Домочадцы полагали, что Урсула, в общем, свихнулась, особенно когда она стала бродить по комнатам, вытянув вперед правую руку, как архангел Гавриил. Фернанда, однако, видела, что сквозь мрак затмения еще пробивается луч разума, ибо Урсула могла не задумываясь сказать, сколько денег израсходовано в доме за истекший год. И Амаранта убедилась в этом, когда мать, стоя на кухне у кастрюли с супом и ни к кому не обращаясь, вдруг сказала, что мельница для маиса, купленная у первых цыган и пропавшая еще до того, как Хосе Аркадио объехал семьдесят пять раз вокруг света, сейчас находится у Пилар Тернеры. Прожившая тоже почти сотню лет, но крепкая и бодрая, несмотря на свою непомерную толщину, которая так же пугала детей, как некогда распугивал голубей ее заливчатый смех, Пилар Тернера не удивилась, что недреманное око старости может видеть острее гадальных карт.
Однако когда Урсула поняла, что ей не хватает времени для того, чтобы упрочить веру Хосе Аркадио в его призвание, она и вправду начала терять голову с горя. Стараясь разглядеть глазами предметы, которые интуиция позволяла видеть гораздо лучше, она стала допускать промахи. Однажды утром вылила мальчику на голову чернила из пузырька, полагая, что это – одеколон. Ошибку за ошибкой делала в своем упорном намерении во все вмешиваться и, порой впадая в отчаяние, всеми силами старалась разорвать мрак, который уже опутывал ее плотной паутиной. И тут она поняла, что ее несуразные действия вовсе не первая победа немощи и слепоты, а просто какой-то недочет времени. Она подумала, что раньше, когда Господь Бог не укорачивал втихомолку месяцы и годы, как это делали турки, отмеряя куски перкаля, все шло иначе. Теперь же не только дети росли быстрее, но даже люди разучились чувствовать, как надо. Не успела Ремедиос Прекрасная вознестись на небеса душой и телом, как эта бесстыжая Фернанда разворчалась на весь дом, что та унесла ее простыни. Не успели остыть тела убитых братьев Аурелиано в могилах, как Аурелиано Второй снова устраивал дома гулянки, где чужая пьяная братия под визг аккордеона упивалась шампанским, словно бы и не христиане скончались, а собаки сдохли, и словно бы этот сумасшедший дом, который стоил ей, Урсуле, столько сил и стольких леденцовых зверушек, превратился в грязный притон. Предаваясь воспоминаниям, пока укладывали сундук Хосе Аркадио, Урсула спрашивала себя, не лучше ли сразу улечься в могилу, чтобы тебя закопали, и делу конец, и без капли страха выпытывала у Бога, не думает ли он, что люди и в самом деле железные, если могут стерпеть столько бед и горя, а от вопросов и сомнений голова совсем пошла кругом, и ей страстно захотелось выразиться грубо и свободно, как какой-нибудь бродяге, одним духом выплеснуть все, что накопилось на душе, позволить себе закусить удила только раз, единственный раз – к чему она так рвалась, но смиряла свой норов, – один раз окунуть всех в дерьмо, излить из нутра море грязной ругани, в которой молча захлебывалась, вечно подлаживаясь под всех.
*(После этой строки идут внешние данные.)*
text \<open>Consecutive elements of a maximal independent set of a path are two or three apart, and
  its last element is n or n - 1.\<close>

lemma path_maximal_independent_induct [consumes 2, case_names one two extend gap2 gap3]:
  assumes "path_maximal_independent n C" "n \<ge> 1"
    and "P 1 {1}"
    and "P 2 {2}"
    and "\<And>n C. path_maximal_independent n C \<Longrightarrow> n \<in> C \<Longrightarrow> P n C \<Longrightarrow> P (Suc n) C"
    and "\<And>n C. path_maximal_independent n C \<Longrightarrow> n \<in> C \<Longrightarrow> P n C \<Longrightarrow> P (n + 2) (insert (n + 2) C)"
    and "\<And>n C. path_maximal_independent n C \<Longrightarrow> n \<in> C \<Longrightarrow> P n C \<Longrightarrow> P (n + 3) (insert (n + 3) C)"
  shows "P n C"
  using assms(1,2)
proof (induction n arbitrary: C rule: less_induct)
  case (less n)
  have C: "C \<subseteq> {1..n}" and indep: "\<forall>i\<in>C. Suc i \<notin> C"
    and dom: "\<forall>i\<in>{1..n}. i \<in> C \<or> i - 1 \<in> C \<or> Suc i \<in> C"
    using less.prems(1) by (simp_all add: path_maximal_independent_def)
  have step: "path_maximal_independent k (C \<inter> {..k}) \<and> k \<in> C \<inter> {..k} \<and> P k (C \<inter> {..k})"
    if "k \<in> C" "k < n" for k
  proof -
    have trunc: "path_maximal_independent k (C \<inter> {..k})"
      using less.prems(1) that(1) by (rule path_maximal_independent_truncate)
    moreover have "1 \<le> k" using C that(1) by auto
    ultimately show ?thesis using less.IH[OF that(2) trunc] that(1) by simp
  qed
  show ?case
  proof (cases "n \<in> C")
    case False
    have "n \<in> C \<or> n - 1 \<in> C \<or> Suc n \<in> C" using bspec[OF dom, of n] less.prems(2) by simp
    moreover have "Suc n \<notin> C" using C by auto
    ultimately have "n - 1 \<in> C" using False by blast
    obtain k where n: "n = Suc k" using less.prems(2) by (cases n) auto
    with \<open>n - 1 \<in> C\<close> have "k \<in> C" by simp
    have "C \<subseteq> {..k}"
    proof
      fix x assume "x \<in> C"
      then have "x \<le> n" "x \<noteq> n" using C False by auto
      then show "x \<in> {..k}" using n by simp
    qed
    then have "C \<inter> {..k} = C" by (rule Int_absorb2)
    moreover have "P (Suc k) (C \<inter> {..k})"
      using step[of k] \<open>k \<in> C\<close> n by (intro assms(5)) simp_all
    ultimately show ?thesis using n by simp
  next
    case True
    consider "n = 1" | "n = 2" | "n \<ge> 3" using less.prems(2) by linarith
    then show ?thesis
    proof cases
      case 1
      then have "C = {1}" using C True by auto
      then show ?thesis using 1 assms(3) by simp
    next
      case 2
      then have "1 \<notin> C" using bspec[OF indep, of 1] True by (auto simp: numeral_2_eq_2)
      have "x = 2" if "x \<in> C" for x
      proof -
        have "1 \<le> x" "x \<le> 2" using that C 2 by auto
        then show "x = 2" using that \<open>1 \<notin> C\<close> by (cases "x = 1") auto
      qed
      then have "C = {2}" using True 2 by blast
      then show ?thesis using 2 assms(4) by simp
    next
      case 3
      obtain k where n: "n = k + 3" using 3 by (metis add.commute le_Suc_ex)
      have "k + 2 \<notin> C"
      proof
        assume "k + 2 \<in> C"
        then have "Suc (k + 2) \<notin> C" using indep by blast
        then show False using True n by (simp add: numeral_2_eq_2 numeral_3_eq_3)
      qed
      moreover have "k + 1 \<in> C \<or> k + 1 - 1 \<in> C \<or> Suc (k + 1) \<in> C"
        using bspec[OF dom, of "k + 1"] n by simp
      ultimately have "k + 1 \<in> C \<or> k \<in> C" by (simp add: numeral_2_eq_2)
      have below: "x = k + 3 \<or> x \<le> k + 1" if "x \<in> C" for x
      proof -
        have "x \<le> k + 3" using that C n by auto
        then show ?thesis using that \<open>k + 2 \<notin> C\<close> by (cases "x = k + 2") auto
      qed
      from \<open>k + 1 \<in> C \<or> k \<in> C\<close> show ?thesis
      proof
        assume "k + 1 \<in> C"
        have "insert (k + 3) (C \<inter> {..k + 1}) = C"
          using below True n by auto
        moreover have "P (k + 1 + 2) (insert (k + 1 + 2) (C \<inter> {..k + 1}))"
          using step[of "k + 1"] \<open>k + 1 \<in> C\<close> n by (intro assms(6)) simp_all
        ultimately show ?thesis using n by (simp add: numeral_3_eq_3)
      next
        assume "k \<in> C"
        then have "k + 1 \<notin> C" using indep by auto
        then have "x = k + 3 \<or> x \<le> k" if "x \<in> C" for x
          using below[OF that] that by (cases "x = k + 1") auto
        then have "insert (k + 3) (C \<inter> {..k}) = C"
          using True n by auto
        moreover have "P (k + 3) (insert (k + 3) (C \<inter> {..k}))"
          using step[of k] \<open>k \<in> C\<close> n by (intro assms(7)) simp_all
        ultimately show ?thesis using n by simp
      qed
    qed
  qed
qed
theorem theorem4p14:
  fixes n m :: nat
  assumes "0 < n" and "n < m" and "coprime m n"
  shows "(\<forall>lam\<in>partX n m. \<forall>k::int. part_at lam 1 = m \<longrightarrow>
            xk n m (pbar lam, k + 1) = xk n m (lam, k))
       \<and> (\<forall>p\<in>partX n m \<times> UNIV. \<forall>q\<in>partX n m \<times> UNIV. xk n m p = xk n m q \<longrightarrow> simX n m p q)
       \<and> xk n m ` (partX n m \<times> UNIV) = orbit n m"
proof (intro conjI)
  show "\<forall>lam\<in>partX n m. \<forall>k::int. part_at lam 1 = m \<longrightarrow>
      xk n m (pbar lam, k + 1) = xk n m (lam, k)"
    using xk_pbar[OF _ assms(1)] by blast
  show "\<forall>p\<in>partX n m \<times> UNIV. \<forall>q\<in>partX n m \<times> UNIV. xk n m p = xk n m q \<longrightarrow> simX n m p q"
    using xk_eq_imp_simX[OF _ _ assms(1)] assms(2) by fastforce
  show "xk n m ` (partX n m \<times> UNIV) = orbit n m"
    using xk_image_subset_orbit[OF assms(1)] orbit_subset_xk_image[OF assms(1,3)]
    by (rule subset_antisym)
qed

end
– Блядство! – выкрикнула она.
Амаранта, набивавшая одеждой сундук, подумала, что мать наступила на скорпиона.
– Где? – спросила она с испугом.
– Что?
– Да это самое! – пояснила Амаранта. Урсула ткнула себе пальцем в сердце.
– Тут, – сказала она.
В четверг, в два часа дня пополудни, Хосе Аркадио уехал в семинарию. Урсуле он всегда будет казаться, каким виделся при расставании: вялый угрюмый подросток, не проливший ни слезинки, как она его и учила, источившийся от жары в зеленом вельветовом костюме с медными пуговицами и накрахмаленным бантом у ворота. После него в столовой остался резкий запах одеколона, которым Урсула кропила ему голову, чтобы легче находить его в комнатах. Во время прощального обеда домочадцы скрывали волнение за веселыми шутками и слишком громко смеялись над забавными случаями из жизни падре Антонио Исабеля. Но когда подняли на руки большой сундук с серебряными уголками, обитый изнутри бархатом, казалось, что из дома выносят гроб. Единственный, кто отказался принимать участие в проводах, был полковник Аурелиано Буэндия.
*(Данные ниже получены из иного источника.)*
lemma pderiv_exp_trunc:
  fixes y :: "'a::field"
  assumes fact: "(of_nat (fact (m - 1)) :: 'a) \<noteq> 0"
  shows "pderiv (exp_trunc m y) = smult y (exp_trunc (m - 1) y)"
proof (rule poly_eqI)
  fix j
  show "coeff (pderiv (exp_trunc m y)) j = coeff (smult y (exp_trunc (m - 1) y)) j"
  proof (cases "Suc j < m")
    case True
    have fact_Suc_j: "(of_nat (fact (Suc j)) :: 'a) = of_nat (Suc j) * of_nat (fact j)"
      by (metis fact_Suc of_nat_id of_nat_mult)
    have "(of_nat (fact (Suc j)) :: 'a) \<noteq> 0"
      using of_nat_fact_neq_0_le[OF fact, of "Suc j"] True by (simp del: fact_Suc)
    then have "(of_nat (Suc j) :: 'a) \<noteq> 0" "(of_nat (fact j) :: 'a) \<noteq> 0"
      unfolding fact_Suc_j by (auto simp del: of_nat_Suc)
    then have "of_nat (Suc j) * (y ^ Suc j / of_nat (fact (Suc j))) =
        y * (y ^ j / (of_nat (fact j) :: 'a))"
      unfolding fact_Suc_j by (simp add: field_simps del: of_nat_Suc)
    with True show ?thesis
      by (simp add: coeff_pderiv coeff_exp_trunc del: of_nat_Suc fact_Suc)
  qed (simp add: coeff_pderiv coeff_exp_trunc)
qed

lemma diff_op_exp_trunc_cong:
  fixes A B :: "'a::field poly"
  assumes fact: "(of_nat (fact (m - 1)) :: 'a) \<noteq> 0" and B0: "coeff B 0 = 0"
  shows "[diff_op A B (exp_trunc m y) = (A + smult y B) * exp_trunc m y] (mod monom 1 m)"
proof (cases m)
  case (Suc k)
  have "monom 1 1 dvd B"
    using B0 by (simp add: monom_1_dvd_iff')
  moreover have "monom 1 k dvd smult y (exp_trunc k y - exp_trunc m y)"
    using Suc by (intro dvd_smult) (simp add: monom_1_dvd_iff' coeff_exp_trunc)
  ultimately have "monom 1 1 * monom 1 k dvd B * smult y (exp_trunc k y - exp_trunc m y)"
    by (rule mult_dvd_mono)
  moreover have "diff_op A B (exp_trunc m y) - (A + smult y B) * exp_trunc m y =
      B * smult y (exp_trunc k y - exp_trunc m y)"
    unfolding diff_op_def pderiv_exp_trunc[OF fact] using Suc
    by (simp add: algebra_simps smult_diff_right)
  ultimately show ?thesis
    using Suc by (simp add: cong_iff_dvd_diff mult_monom)
qed simp

lemma V_space_iff:
  "v \<in> V_space m Y \<longleftrightarrow> (\<exists>c. [v = (\<Sum>y\<in>Y. smult (c y) (exp_trunc m y))] (mod monom 1 m))"
  by (simp add: V_space_def cong_iff_dvd_diff)

lemma exp_trunc_in_V_space:
  assumes "finite Y" and "y \<in> Y"
  shows "exp_trunc m y \<in> V_space m Y"
proof -
  have "(\<Sum>z\<in>Y. smult (if z = y then 1 else 0) (exp_trunc m z)) = exp_trunc m y"
    using assms by (simp add: if_distrib[of "\<lambda>c. smult c _"] sum.delta cong: if_cong)
  then show ?thesis
    unfolding V_space_iff by (metis cong_refl)
qed

lemma invariant_diff_op_coeff_relation:
  fixes A B :: "'a::field poly"
  assumes fact: "(of_nat (fact (m - 1)) :: 'a) \<noteq> 0" and B0: "coeff B 0 = 0"
    and "finite Y" and "y \<in> Y" and inv: "diff_op A B ` V_space m Y \<subseteq> V_space m Y"
  shows "\<exists>c. \<forall>n<m. of_nat (fact n) * coeff (A + smult y B) n = (\<Sum>z\<in>Y. c z * (z - y) ^ n)"
proof -
  let ?E = "exp_trunc m" and ?P = "A + smult y B"
  have "diff_op A B (?E y) \<in> V_space m Y"
    using inv exp_trunc_in_V_space[OF \<open>finite Y\<close> \<open>y \<in> Y\<close>] by blast
  then obtain c where c: "[diff_op A B (?E y) = (\<Sum>z\<in>Y. smult (c z) (?E z))] (mod monom 1 m)"
    unfolding V_space_iff by blast
  have "[?P = ?P * ?E (y + - y)] (mod monom 1 m)"
    using cong_scalar_left[OF exp_trunc_0_cong, of ?P] by (simp add: cong_sym)
  also have "[?P * ?E (y + - y) = ?P * ?E y * ?E (- y)] (mod monom 1 m)"
    using cong_scalar_left[OF exp_trunc_mult_cong[OF fact, of y "- y"], of ?P]
    by (simp add: cong_sym mult.assoc)
  also have "[?P * ?E y * ?E (- y) = diff_op A B (?E y) * ?E (- y)] (mod monom 1 m)"
    using diff_op_exp_trunc_cong[OF fact B0] by (simp add: cong_sym cong_scalar_right)
  also have "[diff_op A B (?E y) * ?E (- y) = (\<Sum>z\<in>Y. smult (c z) (?E z)) * ?E (- y)]
      (mod monom 1 m)"
    using c by (rule cong_scalar_right)
  also have "(\<Sum>z\<in>Y. smult (c z) (?E z)) * ?E (- y) = (\<Sum>z\<in>Y. [:c z:] * (?E z * ?E (- y)))"
    by (simp add: sum_distrib_right)
  also have "[(\<Sum>z\<in>Y. [:c z:] * (?E z * ?E (- y))) = (\<Sum>z\<in>Y. [:c z:] * ?E (z - y))]
      (mod monom 1 m)"
    by (intro cong_sum cong_scalar_left) (metis exp_trunc_mult_cong[OF fact] diff_conv_add_uminus)
  finally have P_cong: "[?P = (\<Sum>z\<in>Y. smult (c z) (?E (z - y)))] (mod monom 1 m)"
    by simp
  have "of_nat (fact n) * coeff ?P n = (\<Sum>z\<in>Y. c z * (z - y) ^ n)" if "n < m" for n
  proof -
    have "(of_nat (fact n) :: 'a) \<noteq> 0"
      using of_nat_fact_neq_0_le[OF fact] \<open>n < m\<close> by simp
    with coeff_eq_if_cong_monom_1[OF P_cong \<open>n < m\<close>] \<open>n < m\<close> show ?thesis
      by (simp add: coeff_sum coeff_exp_trunc sum_distrib_left field_simps)
  qed
  then show ?thesis
    by blast
qed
– Только этой чуши нам не хватало, – проворчал он. – Его Святейшество Папа!
Три месяца спустя Аурелиано Второй и Фернанда отвезли Меме в монастырскую школу и вернулись с клавикордами, сменившими пианолу. В эту пору Амаранта начала ткать себе саван. Банановая лихорадка поутихла. Старожилы Макондо были заметно потеснены пришельцами и, трудясь по старинке на прежних работах, потом и кровью добывали деньги, но при всем этом утешались мыслью, что после кораблекрушения им удалось спастись. В доме Буэндии все так же принимали гостей к обеду, но, сказать по правде, строгие старые порядки не восстановились, пока, годы спустя, не пришел конец Банановой компании. Однако и былые формы традиционного гостеприимства очень изменились, ибо бразды домашнего правления перешли к Фернанде. С Урсулой, совсем погрузившейся во мрак, и с Амарантой, увлеченной своей работой над саваном, бывшая претендентка на королевский трон совсем не считалась, составляя списки приглашенных и угощая их более чем скромными блюдами, к чему ее приучили родители. Приверженность Фернанды к суровым порядкам превратила дом Буэндия в цитадель изжитых обычаев в городе, захлестнутом вульгарностью пришлых прожигателей жизни и добытчиков легких денег. Фернанда считала добропорядочными людьми только тех, кто ничем не был связан с Банановой компанией. Даже Хосе Аркадио Второй, ее деверь, пал жертвой пристрастного отбора, ибо в первые же часы банановой заварухи он опять распродал своих прекрасных бойцовых петухов и пошел служить капатасом в компанию.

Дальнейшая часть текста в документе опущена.